EXERCISE:
Look through the data below and extract, unchanged, the lines from the one that contains "< rho A * y" to the one that contains "define c where", both included.

RECORDS PROVIDED:
★ ★ ★ ★ ★ ★ ★
lemma distributed_add_independent_noise:
  fixes X :: "'a \<Rightarrow> 'x::topological_space" and Z :: "'a \<Rightarrow> 'b::euclidean_space"
    and F :: "'x \<Rightarrow> 'b" and \<phi> :: "'b \<Rightarrow> ennreal"
  assumes M: "prob_space M"
    and X[measurable]: "X \<in> borel_measurable M"
    and Z_density: "distributed M lborel Z \<phi>"
    and indep: "distr M (borel \<Otimes>\<^sub>M borel) (\<lambda>\<omega>. (X \<omega>, Z \<omega>)) = distr M borel X \<Otimes>\<^sub>M distr M borel Z"
    and F[measurable]: "F \<in> borel_measurable borel"
  shows "distributed M (distr M borel X \<Otimes>\<^sub>M lborel) (\<lambda>\<omega>. (X \<omega>, F (X \<omega>) + Z \<omega>)) (\<lambda>(x, y). \<phi> (y - F x))"
proof -
  define N where "N = distr M borel X \<Otimes>\<^sub>M (lborel :: 'b measure)"
  have sets_N: "sets N = sets (borel \<Otimes>\<^sub>M borel)"
    unfolding N_def by (intro sets_pair_measure_cong) auto
  have [measurable]: "Z \<in> borel_measurable M" "\<phi> \<in> borel_measurable borel"
    using distributed_measurable[OF Z_density] distributed_borel_measurable[OF Z_density] by auto
  have PZ: "distr M borel Z = density lborel \<phi>"
    using distributed_distr_eq_density[OF Z_density] by (metis distr_cong sets_lborel)
  have "sigma_finite_measure (density lborel \<phi>)"
    unfolding PZ[symmetric] by (intro prob_space_imp_sigma_finite prob_space.prob_space_distr[OF M]) simp
  note shear = distr_shear_eq_density[of F "distr M borel X", OF _ _ this, folded N_def]
  define G where "G = (\<lambda>(x, z). (x, F x + z :: 'b))"
  have G_meas: "G \<in> measurable (borel \<Otimes>\<^sub>M borel) N"
    unfolding G_def by (simp add: sets_N cong: measurable_cong_sets) measurable
  have "distr M N (\<lambda>\<omega>. (X \<omega>, F (X \<omega>) + Z \<omega>)) = distr M N (G \<circ> (\<lambda>\<omega>. (X \<omega>, Z \<omega>)))"
    by (simp add: G_def comp_def)
  also have "\<dots> = distr (distr M (borel \<Otimes>\<^sub>M borel) (\<lambda>\<omega>. (X \<omega>, Z \<omega>))) N G"
    using G_meas by (intro distr_distr[symmetric]) auto
  also have "\<dots> = density N (\<lambda>(x, y). \<phi> (y - F x))"
    unfolding indep PZ G_def using shear by (simp cong: distr_cong)
  finally show ?thesis
    unfolding distributed_def N_def[symmetric] using sets_N
    by (auto cong: measurable_cong_sets)
qed

lemma iso_gauss_density_pos:
  assumes "t > 0"
  shows "iso_gauss_density t z > 0"
  unfolding iso_gauss_density_def using assms by (intro prod_pos) (simp add: normal_density_pos)

lemma ln_iso_gauss_density:
  assumes "t > 0"
  shows "ln (iso_gauss_density t (z :: real^'m)) =
     (\<Sum>j\<in>UNIV. - ((z $ j)\<^sup>2) / (2 * t) - ln (sqrt (2 * pi * t)))"
proof -
  have pos: "0 < normal_density 0 (sqrt t) x" for x
    using assms by (simp add: normal_density_pos)
  have "ln (iso_gauss_density t z) = (\<Sum>j\<in>UNIV. ln (normal_density 0 (sqrt t) (z $ j)))"
    unfolding iso_gauss_density_def by (intro ln_prod) (simp_all add: pos[THEN less_imp_neq, THEN not_sym])
  also have "\<dots> = (\<Sum>j\<in>UNIV. - ((z $ j)\<^sup>2) / (2 * t) - ln (sqrt (2 * pi * t)))"
    using assms by (intro sum.cong refl) (simp add: normal_density_def ln_mult ln_div)
  finally show ?thesis .
qed
text \<open>If \<open>\<sigma> > 0\<close> then \<open>y\<close> is positive; scale it to \<open>c y\<close> touching a subinvariant vector \<open>w\<close> from above.\<close>
lemma rho_defect_const_nonpos:
  assumes A: "A \<in> carrier_mat N N" "nonneg_mat A"
    and y: "y \<in> carrier_vec N" "\<forall>i<N. 0 \<le> y $ i" "y \<noteq> 0\<^sub>v N"
    and defect: "\<forall>i<N. rho A * y $ i - (A *\<^sub>v y) $ i = \<sigma>"
  shows "\<sigma> \<le> 0"
proof (rule ccontr)
  assume "\<not> \<sigma> \<le> 0"
  obtain i0 where "i0 < N" "y $ i0 \<noteq> 0" using nonzero_vec_index[OF y(1,3)] .
  then have N: "N > 0" by auto
  have ypos: "0 < y $ i" if i: "i < N" for i
  proof -
    have "0 < rho A * y $ i"
      using defect nonneg_mat_mult_vec_nonneg[OF A y(1,2) i] i \<open>\<not> \<sigma> \<le> 0\<close> by force
    then show ?thesis using y(2) i rho_nonneg[OF A(1) N] by (simp add: zero_less_mult_iff)
  qed
  obtain w where w: "w \<in> carrier_vec N" "\<forall>i<N. 0 \<le> w $ i" "w \<noteq> 0\<^sub>v N"
    "\<forall>i<N. rho A * w $ i \<le> (A *\<^sub>v w) $ i"
    using exists_nonneg_subinvariant_rho[OF A N] .
  define c where "c = Max ((\<lambda>i. w $ i / y $ i) ` {..<N})"
  have "c \<in> (\<lambda>i. w $ i / y $ i) ` {..<N}" unfolding c_def using N by (intro Max_in) auto
  then obtain i1 where i1: "i1 < N" "c = w $ i1 / y $ i1" by blast
  have wc: "w $ i \<le> c * y $ i" if i: "i < N" for i
  proof -
    have "w $ i / y $ i \<le> c" unfolding c_def using i by (intro Max_ge) auto
    then show ?thesis using ypos[OF i] by (simp add: divide_le_eq)
  qed
  obtain i2 where i2: "i2 < N" "w $ i2 \<noteq> 0" using nonzero_vec_index[OF w(1,3)] .
  have "0 < w $ i2" using w(2) i2 by (simp add: order_less_le)
  then have "0 < c * y $ i2" using wc[OF i2(1)] by linarith
  then have "0 < c" using ypos[OF i2(1)] by (simp add: zero_less_mult_iff)
  have "rho A * w $ i1 \<le> (A *\<^sub>v w) $ i1" using w(4) i1 by simp
  also have "\<dots> \<le> (A *\<^sub>v (c \<cdot>\<^sub>v y)) $ i1"
    using A w y wc i1 by (intro nonneg_mat_mult_vec_mono) auto
  also have "\<dots> = c * (rho A * y $ i1 - \<sigma>)"
    using A(1) y(1) i1(1) defect[rule_format, OF i1(1)] by (simp add: mult_mat_vec[OF A(1) y(1)])
  also have "\<dots> = rho A * w $ i1 - c * \<sigma>"
    using i1 ypos[OF i1(1)] by (simp add: algebra_simps)
  finally show False using \<open>0 < c\<close> \<open>\<not> \<sigma> \<le> 0\<close> by (simp add: mult_le_0_iff)
qed

section \<open>A nonnegative eigenvector for the spectral radius\<close>

lemma poly_nonneg_right_limit:
  fixes p :: "real poly"
  assumes "\<And>t. r < t \<Longrightarrow> 0 \<le> poly p t"
  shows "0 \<le> poly p r"
proof -
  have "(\<lambda>k. r + inverse (real (Suc k))) \<longlonglongrightarrow> r + 0"
    by (intro tendsto_add tendsto_const LIMSEQ_inverse_real_of_nat)
  then have "(\<lambda>k. poly p (r + inverse (real (Suc k)))) \<longlonglongrightarrow> poly p r"
    using isCont_tendsto_compose[OF poly_isCont] by auto
  then show ?thesis using assms by (intro LIMSEQ_le_const) auto
qed

lemma poly_family_divide_common_root_power:
  fixes q :: "nat \<Rightarrow> real poly"
  assumes nz: "\<exists>j<N. q j \<noteq> 0" and nonneg: "\<And>j t. j < N \<Longrightarrow> r < t \<Longrightarrow> 0 \<le> poly (q j) t"
  obtains k Q where "\<And>j. j < N \<Longrightarrow> q j = [:-r,1:] ^ k * Q j"
    "\<And>j. j < N \<Longrightarrow> 0 \<le> poly (Q j) r" "\<exists>j<N. poly (Q j) r \<noteq> 0"
proof -
  define K where "K = (\<lambda>j. order r (q j)) ` {j. j < N \<and> q j \<noteq> 0}"
  have K: "finite K" "K \<noteq> {}" unfolding K_def using nz by auto
  define k where "k = Min K"
  obtain j0 where j0: "j0 < N" "q j0 \<noteq> 0" "order r (q j0) = k"
    using Min_in[OF K] unfolding k_def K_def by auto
  define Q where "Q j = q j div [:-r,1:] ^ k" for j
  have qQ: "q j = [:-r,1:] ^ k * Q j" if j: "j < N" for j
  proof (cases "q j = 0")
    case False
    then have "k \<le> order r (q j)" using Min_le[OF K(1)] j unfolding k_def K_def by auto
    then have "[:-r,1:] ^ k dvd q j" by (meson le_imp_power_dvd order_1 dvd_trans)
    then show ?thesis unfolding Q_def by simp
  qed (simp add: Q_def)
  have "poly (Q j0) r \<noteq> 0"
  proof
    assume "poly (Q j0) r = 0"
    then obtain R where "Q j0 = [:-r,1:] * R" by (auto simp: poly_eq_0_iff_dvd elim: dvdE)
    then have "q j0 = [:-r,1:] ^ Suc (order r (q j0)) * R"
      using qQ[OF j0(1)] j0(3) by (metis power_Suc2 mult.assoc)
    then have "[:-r,1:] ^ Suc (order r (q j0)) dvd q j0" by (rule dvdI)
    then show False using order_2[OF j0(2)] by simp
  qed
  moreover have "0 \<le> poly (Q j) r" if j: "j < N" for j
  proof (rule poly_nonneg_right_limit)
    fix t assume t: "r < t"
    have "0 \<le> (t - r) ^ k * poly (Q j) t"
      using nonneg[OF j t] qQ[OF j] by simp
    moreover have "0 < (t - r) ^ k" using t by simp
    ultimately show "0 \<le> poly (Q j) t" by (simp add: zero_le_mult_iff)
  qed
  ultimately show ?thesis using that qQ j0(1) by blast
qed

lemma poly_adj_mat_cong:
  assumes A: "A \<in> carrier_mat n n" and B: "B \<in> carrier_mat n n"
    and ev: "\<And>i j. i < n \<Longrightarrow> j < n \<Longrightarrow> poly (B $$ (i,j)) t = A $$ (i,j)"
    and ij: "i < n" "j < n"
  shows "poly (adj_mat B $$ (i,j)) t = adj_mat A $$ (i,j)"
proof -
  have "poly (det (mat_delete B j i)) t = det (mat_delete A j i)"
    by (rule poly_det_cong[of _ "n - 1"]) (use A B ev in \<open>auto simp: mat_delete_def\<close>)
  then show ?thesis using A B ij by (simp add: adj_mat_def cofactor_def)
qed

lemma poly_char_poly_matrix:
  fixes A :: "'a :: comm_ring_1 mat"
  assumes "A \<in> carrier_mat n n" "i < n" "j < n"
  shows "poly (char_poly_matrix A $$ (i,j)) t = (t \<cdot>\<^sub>m 1\<^sub>m n - A) $$ (i,j)"
  using assms by (simp add: char_poly_matrix_def)

lemma poly_char_poly_shift:
  fixes A :: "'a :: comm_ring_1 mat"
  assumes "A \<in> carrier_mat n n"
  shows "poly (char_poly A) t = det (t \<cdot>\<^sub>m 1\<^sub>m n - A)"
  unfolding char_poly_def
proof (rule poly_det_cong)
  show "t \<cdot>\<^sub>m 1\<^sub>m n - A \<in> carrier_mat n n" "char_poly_matrix A \<in> carrier_mat n n"
    using assms by auto
qed (rule poly_char_poly_matrix[OF assms])

lemma det_shift_neq_0:
  assumes A: "A \<in> carrier_mat N N" and N: "N > 0" and t: "rho A < t"
  shows "det (t \<cdot>\<^sub>m 1\<^sub>m N - A) \<noteq> 0"
proof
  assume "det (t \<cdot>\<^sub>m 1\<^sub>m N - A) = 0"
  then have "eigenvalue A t" using eigenvalue_root_char_poly[OF A] poly_char_poly_shift[OF A] by simp
  then obtain v where "eigenvector A v t" unfolding eigenvalue_def by blast
  then show False using real_eigenvalue_abs_le_rho[OF A N] t by fastforce
qed

lemma det_mult_adj_row_sum_nonneg:
  assumes A: "A \<in> carrier_mat N N" "nonneg_mat A" and t: "rho A < t" and j: "j < N"
  defines "S \<equiv> t \<cdot>\<^sub>m 1\<^sub>m N - A"
  shows "0 \<le> det S * (\<Sum>l<N. adj_mat S $$ (j,l))"
proof -
  have S: "S \<in> carrier_mat N N" using A unfolding S_def by auto
  have D: "det S \<noteq> 0" using det_shift_neq_0[OF A(1) _ t] j unfolding S_def by auto
  define x where "x = (1 / det S) \<cdot>\<^sub>v (adj_mat S *\<^sub>v vec N (\<lambda>_. 1))"
  have x: "x \<in> carrier_vec N" using adj_mat(1)[OF S] unfolding x_def by auto
  have ones: "vec N (\<lambda>_. 1) \<in> carrier_vec N" by simp
  have "S *\<^sub>v x = (1 / det S) \<cdot>\<^sub>v ((S * adj_mat S) *\<^sub>v vec N (\<lambda>_. 1))"
    unfolding x_def using S adj_mat(1)[OF S]
    by (simp add: mult_mat_vec[of _ N N] assoc_mult_mat_vec[of _ N N _ N])
  also have "\<dots> = vec N (\<lambda>_. 1)"
    using D unfolding adj_mat(2)[OF S] smult_mat_mult_vec[OF one_carrier_mat ones] by auto
  finally have "S *\<^sub>v x = vec N (\<lambda>_. 1)" .
  then have "t \<cdot>\<^sub>v x - A *\<^sub>v x = vec N (\<lambda>_. 1)"
    using shift_mat_mult_vec[OF A(1) x] unfolding S_def by simp
  then have "(t \<cdot>\<^sub>v x - A *\<^sub>v x) $ i = 1" if "i < N" for i using that by simp
  then have "(A *\<^sub>v x) $ i \<le> t * x $ i" if "i < N" for i using that A(1) x by fastforce
  then have "0 \<le> x $ j" using resolvent_nonneg[OF A t x] j by blast
  moreover have "x $ j = (\<Sum>l<N. adj_mat S $$ (j,l)) / det S"
    using mult_mat_vec_nth_sum[OF adj_mat(1)[OF S] ones j] adj_mat(1)[OF S] j unfolding x_def by simp
  then have "det S * (\<Sum>l<N. adj_mat S $$ (j,l)) = (det S)\<^sup>2 * x $ j"
    using D by (simp add: power2_eq_square)
  ultimately show ?thesis by simp
qed

text \<open>\<open>q\<^sub>j(t) = det(tI - A)\<^sup>2 ((tI - A)\<^sup>-\<^sup>1 \<one>)\<^sub>j\<close>: the resolvent applied to the all-ones vector, with
  its denominator cleared so that it becomes polynomial in \<open>t\<close>.\<close>
lemma resolvent_polynomials:
  fixes A :: "real mat"
  assumes A: "A \<in> carrier_mat N N" "nonneg_mat A" and N: "N > 0"
  obtains q where "\<exists>j<N. q j \<noteq> 0" "\<And>j t. j < N \<Longrightarrow> rho A < t \<Longrightarrow> 0 \<le> poly (q j) t"
    "\<And>i. i < N \<Longrightarrow> (\<Sum>j<N. char_poly_matrix A $$ (i,j) * q j) = (char_poly A)\<^sup>2"
proof -
  let ?M = "char_poly_matrix A" and ?p = "char_poly A"
  define q where "q j = ?p * (\<Sum>l<N. adj_mat ?M $$ (j,l))" for j
  have M: "?M \<in> carrier_mat N N" using A by simp
  have adj: "adj_mat ?M \<in> carrier_mat N N" "?M * adj_mat ?M = ?p \<cdot>\<^sub>m 1\<^sub>m N"
    using adj_mat[OF M] unfolding char_poly_def by auto
  have rows: "(\<Sum>j<N. ?M $$ (i,j) * q j) = ?p\<^sup>2" if i: "i < N" for i
  proof -
    have "(\<Sum>j<N. ?M $$ (i,j) * q j) = ?p * (\<Sum>j<N. \<Sum>l<N. ?M $$ (i,j) * adj_mat ?M $$ (j,l))"
      by (simp add: q_def sum_distrib_left ac_simps)
    also have "\<dots> = ?p * (\<Sum>l<N. \<Sum>j<N. ?M $$ (i,j) * adj_mat ?M $$ (j,l))"
      by (subst sum.swap) simp
    also have "\<dots> = ?p * (\<Sum>l<N. (?M * adj_mat ?M) $$ (i,l))"
      using M adj(1) i by (simp add: scalar_prod_def atLeast0LessThan)
    also have "\<dots> = ?p * (\<Sum>l<N. if i = l then ?p else 0)"
      unfolding adj(2) using i by (intro arg_cong[where f = "\<lambda>s. ?p * s"] sum.cong) auto
    finally show ?thesis using i by (simp add: power2_eq_square)
  qed
  moreover have "0 \<le> poly (q j) t" if j: "j < N" and t: "rho A < t" for j t
  proof -
    have S: "t \<cdot>\<^sub>m 1\<^sub>m N - A \<in> carrier_mat N N" using A by auto
    have "poly (q j) t = det (t \<cdot>\<^sub>m 1\<^sub>m N - A) * (\<Sum>l<N. adj_mat (t \<cdot>\<^sub>m 1\<^sub>m N - A) $$ (j,l))"
      using j poly_adj_mat_cong[OF S M poly_char_poly_matrix[OF A(1)]]
      by (simp add: q_def poly_sum poly_char_poly_shift[OF A(1)])
    then show ?thesis using det_mult_adj_row_sum_nonneg[OF A t j] by simp
  qed
  moreover have "\<exists>j<N. q j \<noteq> 0"
  proof (rule ccontr)
    assume "\<not> ?thesis"
    then have "?p\<^sup>2 = 0" using rows[OF N] by simp
    then show False using degree_monic_char_poly[OF A(1)] by auto
  qed
  ultimately show ?thesis using that by blast
qed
★ ★ ★ ★ ★ ★ ★
SOLUTION TO THIS TASK:
    have "0 < rho A * y $ i"
      using defect nonneg_mat_mult_vec_nonneg[OF A y(1,2) i] i \<open>\<not> \<sigma> \<le> 0\<close> by force
    then show ?thesis using y(2) i rho_nonneg[OF A(1) N] by (simp add: zero_less_mult_iff)
  qed
  obtain w where w: "w \<in> carrier_vec N" "\<forall>i<N. 0 \<le> w $ i" "w \<noteq> 0\<^sub>v N"
    "\<forall>i<N. rho A * w $ i \<le> (A *\<^sub>v w) $ i"
    using exists_nonneg_subinvariant_rho[OF A N] .
  define c where "c = Max ((\<lambda>i. w $ i / y $ i) ` {..<N})"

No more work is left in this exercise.